Broken Bird | Teen Ink

Broken Bird

June 24, 2010
By InkDance PLATINUM, Sylvania, Ohio
InkDance PLATINUM, Sylvania, Ohio
31 articles 0 photos 11 comments

Favorite Quote:
The only difference between highschoolers and preschoolers is that preschoolers get naptime.


I saw a girl jump off a building today.
I wasn't there personally; it was the top story on the evening news. They were playing the clip over and over, the reporters' faces carefully cultivated into masks of sympathy as they shoved her story down the throats of half a million people so they could generate a little interest in their station. I'd never really liked reporters, never liked hearing about all the horrible things that happened to people, but for some reason I couldn't seem to change the channel. It was just too...personal to casually ignore it.
She couldn't have been more than fifteen. Fifteen years and already life was too much for her. But she didn't look like the type of girl to hurl herself off the top of the tallest building in the city. Even through the haze of blurry security cameras I could tell her face was the sort of naturally pretty face no surgeon could ever duplicate. Her skin was a beautiful golden color- not tan, really, but evidence to many hours in the sun. The cameras hadn't really gotten a clear shot of her face, so I couldn't tell what color her eyes were, but I could imagine a soft brown or startling blue.
She'd been wearing a dress. This the anchors were going crazy over. Not many suicidal teenagers, apparently, dressed up for the occasion. There was wild speculation over whether she'd just come from a date: had heartbreak been in the picture? Date rape? Cheating?
But I studied her face and decided that she hadn't done the act in a frenzy of conflicting emotions. For one, there wasn't a tear to be seen; in fact, her face was utterly serene. And there was such a purpose in her step that I couldn't help but think that everything had been planned meticulously out, and that the dress had merely been her way of going out in style. In a way, I understood. If I had the choice, I'd want to be pretty as possible during my last few minutes on earth.
The picture changed abruptly to a new angle.
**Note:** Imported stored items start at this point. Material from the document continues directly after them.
lemma scontent_set_mset_le_wcontent: "scontent lam (\<lambda>box. set_mset (T box)) \<le> wcontent lam T"
proof (rule le_funI)
  fix k
  let ?E = "{(box, e). box \<in> shifted_shape lam \<and> e \<in># T box \<and> fst e = k}"
  have "finite ?E"
    by (rule finite_subset[of _ "Sigma (shifted_shape lam) (\<lambda>box. {e \<in> set_mset (T box). fst e = k})"])
      (auto simp: finite_entries_of_value)
  have "card ?E = (\<Sum>x \<in> ?E. 1)"
    by simp
  also have "\<dots> \<le> (\<Sum>(box, e) \<in> ?E. count (T box) e)"
    by (rule sum_mono) (auto simp: Suc_le_eq)
  finally have "card ?E \<le> (\<Sum>(box, e) \<in> ?E. count (T box) e)" .
  then show "scontent lam (\<lambda>box. set_mset (T box)) k \<le> wcontent lam T k"
    by (simp add: scontent_eq_card_entries wcontent_eq_sum_count)
qed

lemma K_series_eq_sum_over_supports:
  assumes "finite {k. b k \<noteq> 0}"
  shows "K_series lam b = (\<Sum>S | svt lam S \<and> scontent lam S \<le> b.
           of_nat (\<Prod>k | b k \<noteq> 0. (b k - 1) choose (b k - scontent lam S k)))"
proof -
  let ?Supports = "{S. svt lam S \<and> scontent lam S \<le> b}"
  let ?Fibre = "\<lambda>S. {T. weak_svt lam T \<and> wcontent lam T = b \<and> (\<forall>box. set_mset (T box) = S box)}"
  have "{T. weak_svt lam T \<and> wcontent lam T = b} = (\<Union>S \<in> ?Supports. ?Fibre S)"
  proof (intro equalityI subsetI)
    fix T assume T: "T \<in> {T. weak_svt lam T \<and> wcontent lam T = b}"
    then have "(\<lambda>box. set_mset (T box)) \<in> ?Supports"
      using scontent_set_mset_le_wcontent[of lam T] by (simp add: weak_svt_iff_svt_set_mset)
    with T show "T \<in> (\<Union>S \<in> ?Supports. ?Fibre S)"
      by blast
  qed blast
  moreover have "card (\<Union>S \<in> ?Supports. ?Fibre S) = (\<Sum>S \<in> ?Supports. card (?Fibre S))"
  proof (rule card_UN_disjoint)
    show "finite ?Supports"
      using assms by (rule finite_svt_bounded_content)
    show "\<forall>S \<in> ?Supports. finite (?Fibre S)"
      using weak_svt_with_support(1)[OF _ _ assms] by blast
    show "\<forall>S \<in> ?Supports. \<forall>S' \<in> ?Supports. S \<noteq> S' \<longrightarrow> ?Fibre S \<inter> ?Fibre S' = {}"
      by (auto simp: fun_eq_iff)
  qed
  ultimately have "K_series lam b = (\<Sum>S \<in> ?Supports. of_nat (card (?Fibre S)))"
    by (simp add: K_series_def)
  also have "\<dots> = (\<Sum>S \<in> ?Supports. of_nat (\<Prod>k | b k \<noteq> 0. (b k - 1) choose (b k - scontent lam S k)))"
    by (intro sum.cong refl arg_cong[where f = of_nat] weak_svt_with_support(2)[OF _ _ assms]) auto
  finally show ?thesis .
qed
lemma insert_in_faces_card:
  assumes "W \<subseteq> U" "v \<in> W" "\<rho> \<in> faces_card (del_nbhd E W v) E k"
  shows "insert v \<rho> \<in> faces_card W E (Suc k)"
proof -
  have \<rho>: "\<rho> \<in> ind_faces (del_nbhd E W v) E" "card \<rho> = k" using assms(3) by (auto simp: faces_card_def)
  have "finite \<rho>" using ind_faces_finite[OF _ \<rho>(1)] assms(1) by (auto simp: del_nbhd_def)
  moreover have "v \<notin> \<rho>" using ind_faces_subset[OF \<rho>(1)] by (auto simp: del_nbhd_def)
  ultimately show ?thesis using \<rho> insert_in_ind_faces[OF assms(2) \<rho>(1)] by (simp add: faces_card_def)
qed

lemma remove_from_faces_card:
  assumes "\<sigma> \<in> faces_card W E (Suc k)" "v \<in> \<sigma>"
  shows "\<sigma> - {v} \<in> faces_card (del_nbhd E W v) E k"
proof -
  have "finite \<sigma>" using assms(1) card.infinite by (fastforce simp: faces_card_def)
  thus ?thesis using assms remove_from_ind_faces by (auto simp: faces_card_def)
qed

lemma faces_card_Suc:
  assumes "W \<subseteq> U" "v \<in> W"
  shows "faces_card W E (Suc k)
    = faces_card (W - {v}) E (Suc k) \<union> insert v ` faces_card (del_nbhd E W v) E k"
proof (intro equalityI subsetI)
  fix \<sigma> assume \<sigma>: "\<sigma> \<in> faces_card W E (Suc k)"
  show "\<sigma> \<in> faces_card (W - {v}) E (Suc k) \<union> insert v ` faces_card (del_nbhd E W v) E k"
  proof (cases "v \<in> \<sigma>")
    case True
    hence "\<sigma> = insert v (\<sigma> - {v})" by auto
    thus ?thesis using remove_from_faces_card[OF \<sigma> True] by blast
  qed (use \<sigma> in \<open>auto simp: faces_card_def ind_faces_def\<close>)
next
  fix \<sigma> assume "\<sigma> \<in> faces_card (W - {v}) E (Suc k) \<union> insert v ` faces_card (del_nbhd E W v) E k"
  thus "\<sigma> \<in> faces_card W E (Suc k)"
  proof
    assume "\<sigma> \<in> faces_card (W - {v}) E (Suc k)"
    thus ?thesis by (auto simp: faces_card_def ind_faces_def)
  qed (use insert_in_faces_card[OF assms] in blast)
qed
She'd been caught on several different cameras while traversing from the bottom to the top of the building, so nearly every step of her journey- from the stop at the bathroom on the third floor to the time on the fifty-second when she'd gotten off an elevator to flip the bird at a security camera- had been caught on tape. I wondered if she'd known that a mere five hours after her death thousands upon thousands would be watching her take her final steps.
The picture changed from the fuzziness of security tape to the crystal-clear image of a camcorder. Some tourist had been unlucky enough to be filming a street performer across the street when the girl had jumped; there was a half second of the street performer yelling and pointing at something off-screen, a mass of blurring colors, and then you saw her. The performer had seen her on the roof, so most of her actual jump was filmed.
It was eerie, watching a girl jump off the roof. By the time the cameraman had turned around she was already almost airborne. Time seemed to freeze as her momentum failed to carry her up any farther, leaving her dangling over a sickening drop that promised only a swift end on pavement. I found myself wishing that gravity would somehow defy the laws of physics and let her keep going up, up towards the sky, but no miracle happened and her body leaned down towards the ground, into the wind and began to fall. Her hair was unbound and streamed after her, clawing for purchase against the wind. Her arms and legs were splayed to either side like one of those flying squirrels. She seemed so graceful, so beautiful at that moment that I nearly cried. The dress was a nice touch, I thought through my anguish. It billowed out behind her, making her look like a bird.
Suddenly, without warning, the pavement came up to meet her. I snapped my eyes shut, but not before I saw her beautiful body crumple and break against the unyielding ground. The image seemed burned into the backs of my eyelids, and I couldn't help but think that the fall had been exactly like the time I'd seen a baby cardinal fall out of its nest. Her dress had even been red.
I heard footsteps and opened my eyes to my mother. “Why are you watching that?” she asked disapprovingly. “That's horrible.” She reached down and picked up the remote, punched in her favorite channel, and left the room.
I stared at the screen, not seeing what was really going on. All I could see, over and over, was her body hitting the ground. I wondered briefly what had driven her to commit suicide.
Glancing at the door my mother had taken to exit the room, a strange thought crept into my mind. What if she just couldn't stand the way people brushed aside other's misfortunes? I'd always held that misery exists to teach someone a lesson, which it couldn't very well do if everyone turned their backs.
I stood up slowly. No, that couldn't be, I thought. The girl hadn't seemed like the type to make an example of herself so someone like me could be taught a lesson.
Then again, she hadn't looked like the type of girl to commit suicide, either.


The author's comments:
I'd always held that misery exists to teach someone a lesson, which it couldn't very well do if everyone turned their backs.